::: RECORDS FOR THE EXERCISE

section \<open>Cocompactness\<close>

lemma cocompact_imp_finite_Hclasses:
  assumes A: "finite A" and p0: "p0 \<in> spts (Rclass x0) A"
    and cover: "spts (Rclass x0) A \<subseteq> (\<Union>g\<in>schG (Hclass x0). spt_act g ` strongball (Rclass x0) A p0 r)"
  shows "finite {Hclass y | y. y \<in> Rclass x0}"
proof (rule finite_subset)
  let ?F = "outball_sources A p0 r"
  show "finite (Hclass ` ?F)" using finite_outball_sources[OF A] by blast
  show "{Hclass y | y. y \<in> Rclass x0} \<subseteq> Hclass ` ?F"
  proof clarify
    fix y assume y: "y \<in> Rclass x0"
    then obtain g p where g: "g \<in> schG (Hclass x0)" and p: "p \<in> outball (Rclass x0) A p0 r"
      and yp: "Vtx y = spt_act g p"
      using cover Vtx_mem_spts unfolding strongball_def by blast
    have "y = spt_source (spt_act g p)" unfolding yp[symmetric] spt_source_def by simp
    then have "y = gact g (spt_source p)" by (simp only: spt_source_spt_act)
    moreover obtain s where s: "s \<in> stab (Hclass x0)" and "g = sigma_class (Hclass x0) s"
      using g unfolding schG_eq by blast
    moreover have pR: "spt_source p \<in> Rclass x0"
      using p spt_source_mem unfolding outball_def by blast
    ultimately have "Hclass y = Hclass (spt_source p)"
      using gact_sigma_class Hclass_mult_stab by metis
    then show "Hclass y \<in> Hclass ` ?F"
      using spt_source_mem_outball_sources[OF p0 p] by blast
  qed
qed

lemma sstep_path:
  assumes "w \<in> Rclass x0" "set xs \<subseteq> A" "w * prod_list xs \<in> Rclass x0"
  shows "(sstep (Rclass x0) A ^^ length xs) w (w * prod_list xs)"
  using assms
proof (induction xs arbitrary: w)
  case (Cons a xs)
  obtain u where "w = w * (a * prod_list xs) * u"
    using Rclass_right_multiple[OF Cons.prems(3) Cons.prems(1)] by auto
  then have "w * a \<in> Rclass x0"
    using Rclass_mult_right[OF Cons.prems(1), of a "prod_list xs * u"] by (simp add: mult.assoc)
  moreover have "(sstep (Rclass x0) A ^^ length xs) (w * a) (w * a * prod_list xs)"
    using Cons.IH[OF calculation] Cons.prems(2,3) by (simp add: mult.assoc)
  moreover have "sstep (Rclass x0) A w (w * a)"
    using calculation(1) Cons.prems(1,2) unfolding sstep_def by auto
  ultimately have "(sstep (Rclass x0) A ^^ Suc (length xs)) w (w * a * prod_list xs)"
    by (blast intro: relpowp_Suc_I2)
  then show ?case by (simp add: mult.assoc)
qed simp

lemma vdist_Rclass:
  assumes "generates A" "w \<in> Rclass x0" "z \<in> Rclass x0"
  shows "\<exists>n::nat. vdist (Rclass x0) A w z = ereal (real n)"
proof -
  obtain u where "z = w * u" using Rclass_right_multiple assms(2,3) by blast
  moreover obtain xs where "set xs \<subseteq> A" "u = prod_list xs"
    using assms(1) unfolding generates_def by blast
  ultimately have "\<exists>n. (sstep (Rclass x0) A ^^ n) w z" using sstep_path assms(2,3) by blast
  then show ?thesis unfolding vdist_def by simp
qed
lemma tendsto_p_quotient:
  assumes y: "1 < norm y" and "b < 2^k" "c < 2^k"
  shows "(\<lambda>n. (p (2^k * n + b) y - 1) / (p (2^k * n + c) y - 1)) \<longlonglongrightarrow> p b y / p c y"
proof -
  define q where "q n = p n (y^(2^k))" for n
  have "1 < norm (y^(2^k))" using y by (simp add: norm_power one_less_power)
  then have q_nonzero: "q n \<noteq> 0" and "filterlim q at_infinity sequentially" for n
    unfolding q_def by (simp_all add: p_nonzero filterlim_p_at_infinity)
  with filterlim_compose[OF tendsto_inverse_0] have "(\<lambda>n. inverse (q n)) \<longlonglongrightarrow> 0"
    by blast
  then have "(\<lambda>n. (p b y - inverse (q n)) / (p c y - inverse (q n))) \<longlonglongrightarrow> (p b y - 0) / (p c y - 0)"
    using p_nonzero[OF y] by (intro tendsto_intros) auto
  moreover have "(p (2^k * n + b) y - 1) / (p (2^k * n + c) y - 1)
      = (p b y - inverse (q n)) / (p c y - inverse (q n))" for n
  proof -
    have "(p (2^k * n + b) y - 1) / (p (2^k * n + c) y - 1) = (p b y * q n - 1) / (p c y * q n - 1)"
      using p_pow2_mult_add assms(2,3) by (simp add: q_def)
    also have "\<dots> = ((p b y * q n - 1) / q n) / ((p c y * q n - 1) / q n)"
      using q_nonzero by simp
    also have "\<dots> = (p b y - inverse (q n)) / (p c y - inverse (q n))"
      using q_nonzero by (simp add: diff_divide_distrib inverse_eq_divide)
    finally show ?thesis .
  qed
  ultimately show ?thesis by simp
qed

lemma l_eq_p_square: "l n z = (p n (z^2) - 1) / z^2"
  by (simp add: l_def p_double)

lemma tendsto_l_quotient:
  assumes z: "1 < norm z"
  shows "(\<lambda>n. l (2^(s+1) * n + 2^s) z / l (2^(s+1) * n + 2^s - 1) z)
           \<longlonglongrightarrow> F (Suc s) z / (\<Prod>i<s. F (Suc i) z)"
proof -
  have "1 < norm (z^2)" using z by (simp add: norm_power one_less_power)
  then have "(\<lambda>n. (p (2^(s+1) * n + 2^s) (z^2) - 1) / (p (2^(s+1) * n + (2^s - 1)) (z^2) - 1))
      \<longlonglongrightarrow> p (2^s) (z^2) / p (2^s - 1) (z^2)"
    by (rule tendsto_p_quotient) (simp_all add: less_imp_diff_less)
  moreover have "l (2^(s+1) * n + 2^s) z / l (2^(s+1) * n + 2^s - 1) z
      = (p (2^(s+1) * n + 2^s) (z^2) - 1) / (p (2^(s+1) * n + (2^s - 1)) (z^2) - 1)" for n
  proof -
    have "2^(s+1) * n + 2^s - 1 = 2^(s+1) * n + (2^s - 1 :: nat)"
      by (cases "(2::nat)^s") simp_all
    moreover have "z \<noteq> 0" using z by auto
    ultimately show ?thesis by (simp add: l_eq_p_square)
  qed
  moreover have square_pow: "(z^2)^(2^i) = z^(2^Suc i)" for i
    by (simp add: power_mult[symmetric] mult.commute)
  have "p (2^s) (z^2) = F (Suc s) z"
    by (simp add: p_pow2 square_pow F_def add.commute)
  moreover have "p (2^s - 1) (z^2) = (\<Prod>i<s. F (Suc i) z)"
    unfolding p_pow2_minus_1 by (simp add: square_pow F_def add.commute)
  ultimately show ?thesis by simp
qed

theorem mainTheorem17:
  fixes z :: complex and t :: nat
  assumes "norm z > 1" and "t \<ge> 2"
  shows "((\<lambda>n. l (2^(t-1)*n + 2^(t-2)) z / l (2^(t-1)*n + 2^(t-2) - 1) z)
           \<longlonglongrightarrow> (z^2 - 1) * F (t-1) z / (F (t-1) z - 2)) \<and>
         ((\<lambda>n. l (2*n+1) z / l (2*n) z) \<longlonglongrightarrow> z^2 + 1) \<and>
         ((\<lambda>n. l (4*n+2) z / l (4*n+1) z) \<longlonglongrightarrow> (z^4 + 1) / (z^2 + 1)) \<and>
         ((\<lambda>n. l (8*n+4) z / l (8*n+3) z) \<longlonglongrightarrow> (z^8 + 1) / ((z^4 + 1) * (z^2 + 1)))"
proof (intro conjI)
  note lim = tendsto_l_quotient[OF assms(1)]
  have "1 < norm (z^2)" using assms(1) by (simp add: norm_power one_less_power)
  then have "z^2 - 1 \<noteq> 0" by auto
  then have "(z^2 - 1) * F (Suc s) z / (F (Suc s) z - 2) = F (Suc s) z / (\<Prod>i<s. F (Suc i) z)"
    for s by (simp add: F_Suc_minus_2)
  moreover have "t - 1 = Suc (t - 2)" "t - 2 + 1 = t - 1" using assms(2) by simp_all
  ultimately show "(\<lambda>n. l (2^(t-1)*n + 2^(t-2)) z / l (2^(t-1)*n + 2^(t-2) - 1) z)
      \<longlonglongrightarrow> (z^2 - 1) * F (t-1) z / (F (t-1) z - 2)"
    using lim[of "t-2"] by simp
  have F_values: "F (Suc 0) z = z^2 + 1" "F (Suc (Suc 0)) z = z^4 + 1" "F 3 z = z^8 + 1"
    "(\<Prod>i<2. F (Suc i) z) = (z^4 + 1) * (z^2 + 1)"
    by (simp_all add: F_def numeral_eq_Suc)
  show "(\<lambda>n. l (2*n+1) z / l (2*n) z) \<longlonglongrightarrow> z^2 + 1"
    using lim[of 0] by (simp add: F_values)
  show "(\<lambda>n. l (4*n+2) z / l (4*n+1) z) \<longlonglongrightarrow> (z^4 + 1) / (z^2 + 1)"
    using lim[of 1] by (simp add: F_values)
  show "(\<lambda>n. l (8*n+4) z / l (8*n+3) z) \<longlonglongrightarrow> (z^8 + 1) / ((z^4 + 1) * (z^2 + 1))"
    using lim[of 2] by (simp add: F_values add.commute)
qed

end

::::::
::: RECORDS FOR THE EXERCISE

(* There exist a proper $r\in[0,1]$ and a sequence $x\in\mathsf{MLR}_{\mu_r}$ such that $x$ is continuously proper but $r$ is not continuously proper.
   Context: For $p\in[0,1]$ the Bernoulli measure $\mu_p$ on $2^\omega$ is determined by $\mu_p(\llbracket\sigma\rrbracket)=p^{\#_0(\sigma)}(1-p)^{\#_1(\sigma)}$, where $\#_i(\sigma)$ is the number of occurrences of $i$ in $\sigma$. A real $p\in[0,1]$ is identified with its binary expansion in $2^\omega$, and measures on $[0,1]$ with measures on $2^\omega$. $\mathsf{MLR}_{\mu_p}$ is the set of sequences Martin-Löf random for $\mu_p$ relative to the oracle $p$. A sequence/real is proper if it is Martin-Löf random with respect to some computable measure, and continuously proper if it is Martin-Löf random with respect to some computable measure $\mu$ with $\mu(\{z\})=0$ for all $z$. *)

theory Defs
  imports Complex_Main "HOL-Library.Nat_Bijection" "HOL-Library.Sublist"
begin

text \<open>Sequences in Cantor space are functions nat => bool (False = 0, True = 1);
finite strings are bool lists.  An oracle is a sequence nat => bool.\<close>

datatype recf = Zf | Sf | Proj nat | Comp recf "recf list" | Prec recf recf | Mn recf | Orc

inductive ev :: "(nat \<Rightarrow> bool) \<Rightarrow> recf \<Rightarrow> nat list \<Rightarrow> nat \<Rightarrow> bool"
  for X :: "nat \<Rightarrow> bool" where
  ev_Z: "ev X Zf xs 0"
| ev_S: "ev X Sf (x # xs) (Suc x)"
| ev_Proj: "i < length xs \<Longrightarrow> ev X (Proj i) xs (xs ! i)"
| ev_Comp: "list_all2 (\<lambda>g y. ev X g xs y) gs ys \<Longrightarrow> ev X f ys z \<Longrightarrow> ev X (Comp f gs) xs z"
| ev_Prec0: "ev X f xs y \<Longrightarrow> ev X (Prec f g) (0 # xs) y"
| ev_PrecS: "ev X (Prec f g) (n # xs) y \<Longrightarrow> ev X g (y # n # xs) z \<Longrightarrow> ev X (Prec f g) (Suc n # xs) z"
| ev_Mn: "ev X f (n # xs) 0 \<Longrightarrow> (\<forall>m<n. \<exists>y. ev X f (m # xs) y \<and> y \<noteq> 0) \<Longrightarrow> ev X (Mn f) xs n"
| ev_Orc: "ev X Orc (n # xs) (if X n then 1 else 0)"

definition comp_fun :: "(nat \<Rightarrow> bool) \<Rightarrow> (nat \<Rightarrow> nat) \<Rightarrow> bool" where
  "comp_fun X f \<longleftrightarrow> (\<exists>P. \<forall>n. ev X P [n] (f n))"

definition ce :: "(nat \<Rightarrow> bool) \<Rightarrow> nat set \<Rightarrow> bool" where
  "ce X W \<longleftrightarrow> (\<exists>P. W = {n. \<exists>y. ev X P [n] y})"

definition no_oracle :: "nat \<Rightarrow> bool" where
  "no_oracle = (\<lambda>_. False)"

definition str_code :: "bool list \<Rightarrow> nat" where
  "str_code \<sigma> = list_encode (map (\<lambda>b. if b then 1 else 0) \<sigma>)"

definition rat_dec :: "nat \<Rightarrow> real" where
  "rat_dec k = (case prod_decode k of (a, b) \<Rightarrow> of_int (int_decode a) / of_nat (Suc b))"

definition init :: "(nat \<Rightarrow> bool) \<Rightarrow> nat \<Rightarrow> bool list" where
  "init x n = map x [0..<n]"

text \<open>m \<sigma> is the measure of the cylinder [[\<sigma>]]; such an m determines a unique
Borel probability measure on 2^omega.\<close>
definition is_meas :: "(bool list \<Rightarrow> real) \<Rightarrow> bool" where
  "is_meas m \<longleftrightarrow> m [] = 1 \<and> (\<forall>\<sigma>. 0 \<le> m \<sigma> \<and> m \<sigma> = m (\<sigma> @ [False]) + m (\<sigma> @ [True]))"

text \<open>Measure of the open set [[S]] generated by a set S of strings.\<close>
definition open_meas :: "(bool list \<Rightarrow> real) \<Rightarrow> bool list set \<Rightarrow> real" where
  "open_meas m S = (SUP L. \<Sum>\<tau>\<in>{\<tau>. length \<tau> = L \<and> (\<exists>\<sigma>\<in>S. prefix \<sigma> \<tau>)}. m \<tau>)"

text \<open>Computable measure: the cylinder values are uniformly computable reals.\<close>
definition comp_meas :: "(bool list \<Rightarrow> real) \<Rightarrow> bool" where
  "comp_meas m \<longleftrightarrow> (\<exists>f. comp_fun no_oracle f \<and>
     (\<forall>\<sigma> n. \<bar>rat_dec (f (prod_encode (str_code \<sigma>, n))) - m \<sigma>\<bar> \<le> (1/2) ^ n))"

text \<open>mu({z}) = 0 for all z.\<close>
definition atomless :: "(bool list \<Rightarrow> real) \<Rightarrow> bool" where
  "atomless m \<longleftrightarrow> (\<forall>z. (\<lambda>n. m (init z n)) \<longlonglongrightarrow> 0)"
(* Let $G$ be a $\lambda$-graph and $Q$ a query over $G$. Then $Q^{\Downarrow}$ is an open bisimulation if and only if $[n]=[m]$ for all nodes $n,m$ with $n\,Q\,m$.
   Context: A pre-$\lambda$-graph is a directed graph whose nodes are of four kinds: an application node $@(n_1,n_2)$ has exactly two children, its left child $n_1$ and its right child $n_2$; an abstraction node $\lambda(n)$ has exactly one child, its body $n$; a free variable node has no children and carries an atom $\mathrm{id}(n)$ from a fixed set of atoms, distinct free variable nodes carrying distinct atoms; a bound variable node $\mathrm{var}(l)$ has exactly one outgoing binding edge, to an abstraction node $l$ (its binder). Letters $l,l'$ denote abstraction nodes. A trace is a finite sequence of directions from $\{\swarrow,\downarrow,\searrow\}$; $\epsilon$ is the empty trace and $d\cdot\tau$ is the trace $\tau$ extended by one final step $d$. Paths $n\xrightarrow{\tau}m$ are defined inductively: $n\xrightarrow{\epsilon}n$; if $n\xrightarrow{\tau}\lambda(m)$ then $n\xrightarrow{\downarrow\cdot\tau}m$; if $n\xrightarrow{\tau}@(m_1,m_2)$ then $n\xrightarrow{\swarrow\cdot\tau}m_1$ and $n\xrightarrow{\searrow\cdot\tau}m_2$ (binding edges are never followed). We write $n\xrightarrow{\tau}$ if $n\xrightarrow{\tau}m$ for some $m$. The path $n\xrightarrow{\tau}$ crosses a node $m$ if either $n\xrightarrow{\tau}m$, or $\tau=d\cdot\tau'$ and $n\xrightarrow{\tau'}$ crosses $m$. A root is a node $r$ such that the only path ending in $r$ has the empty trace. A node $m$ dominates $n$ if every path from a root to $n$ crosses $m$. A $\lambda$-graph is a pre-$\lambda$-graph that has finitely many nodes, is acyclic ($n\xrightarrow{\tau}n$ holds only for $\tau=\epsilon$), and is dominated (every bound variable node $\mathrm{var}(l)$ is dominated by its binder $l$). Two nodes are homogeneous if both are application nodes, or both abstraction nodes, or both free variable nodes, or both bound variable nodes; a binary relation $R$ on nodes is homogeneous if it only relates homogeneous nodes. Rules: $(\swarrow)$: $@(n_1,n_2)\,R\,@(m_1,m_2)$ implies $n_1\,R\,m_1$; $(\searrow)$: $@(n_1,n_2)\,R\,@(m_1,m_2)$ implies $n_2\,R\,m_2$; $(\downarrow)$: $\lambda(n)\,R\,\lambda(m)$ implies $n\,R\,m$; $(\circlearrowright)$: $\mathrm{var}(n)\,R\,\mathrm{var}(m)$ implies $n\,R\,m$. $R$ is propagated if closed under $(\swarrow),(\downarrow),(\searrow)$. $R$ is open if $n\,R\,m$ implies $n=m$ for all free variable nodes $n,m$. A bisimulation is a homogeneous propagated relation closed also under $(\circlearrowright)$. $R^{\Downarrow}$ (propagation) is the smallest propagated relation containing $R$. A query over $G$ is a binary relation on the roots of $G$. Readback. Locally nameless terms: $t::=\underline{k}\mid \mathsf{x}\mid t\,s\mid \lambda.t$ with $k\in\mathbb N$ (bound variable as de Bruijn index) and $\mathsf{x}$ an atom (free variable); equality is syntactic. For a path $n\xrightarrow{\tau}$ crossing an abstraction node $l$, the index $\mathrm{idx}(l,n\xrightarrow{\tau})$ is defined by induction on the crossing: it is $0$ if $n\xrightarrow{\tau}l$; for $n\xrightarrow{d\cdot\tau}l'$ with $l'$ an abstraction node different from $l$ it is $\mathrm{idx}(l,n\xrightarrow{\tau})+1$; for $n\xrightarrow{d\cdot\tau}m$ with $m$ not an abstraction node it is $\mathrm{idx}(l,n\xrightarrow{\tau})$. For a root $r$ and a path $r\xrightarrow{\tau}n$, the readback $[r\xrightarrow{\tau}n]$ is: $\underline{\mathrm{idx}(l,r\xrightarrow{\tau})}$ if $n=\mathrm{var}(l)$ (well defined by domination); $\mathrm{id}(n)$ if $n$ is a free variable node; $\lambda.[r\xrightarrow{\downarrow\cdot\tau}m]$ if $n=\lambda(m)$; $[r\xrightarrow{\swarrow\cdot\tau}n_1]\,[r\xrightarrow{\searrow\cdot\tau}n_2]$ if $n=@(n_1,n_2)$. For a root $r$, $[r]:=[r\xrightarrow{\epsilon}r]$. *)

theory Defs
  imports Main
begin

::::::

(TASK INSTRUCTIONS):
Find every line of the data that includes the string "forall". Copy each of those lines.

(FINAL ANSWER):
| ev_Mn: "ev X f (n # xs) 0 \<Longrightarrow> (\<forall>m<n. \<exists>y. ev X f (m # xs) y \<and> y \<noteq> 0) \<Longrightarrow> ev X (Mn f) xs n"
  "comp_fun X f \<longleftrightarrow> (\<exists>P. \<forall>n. ev X P [n] (f n))"
  "is_meas m \<longleftrightarrow> m [] = 1 \<and> (\<forall>\<sigma>. 0 \<le> m \<sigma> \<and> m \<sigma> = m (\<sigma> @ [False]) + m (\<sigma> @ [True]))"
     (\<forall>\<sigma> n. \<bar>rat_dec (f (prod_encode (str_code \<sigma>, n))) - m \<sigma>\<bar> \<le> (1/2) ^ n))"
  "atomless m \<longleftrightarrow> (\<forall>z. (\<lambda>n. m (init z n)) \<longlonglongrightarrow> 0)"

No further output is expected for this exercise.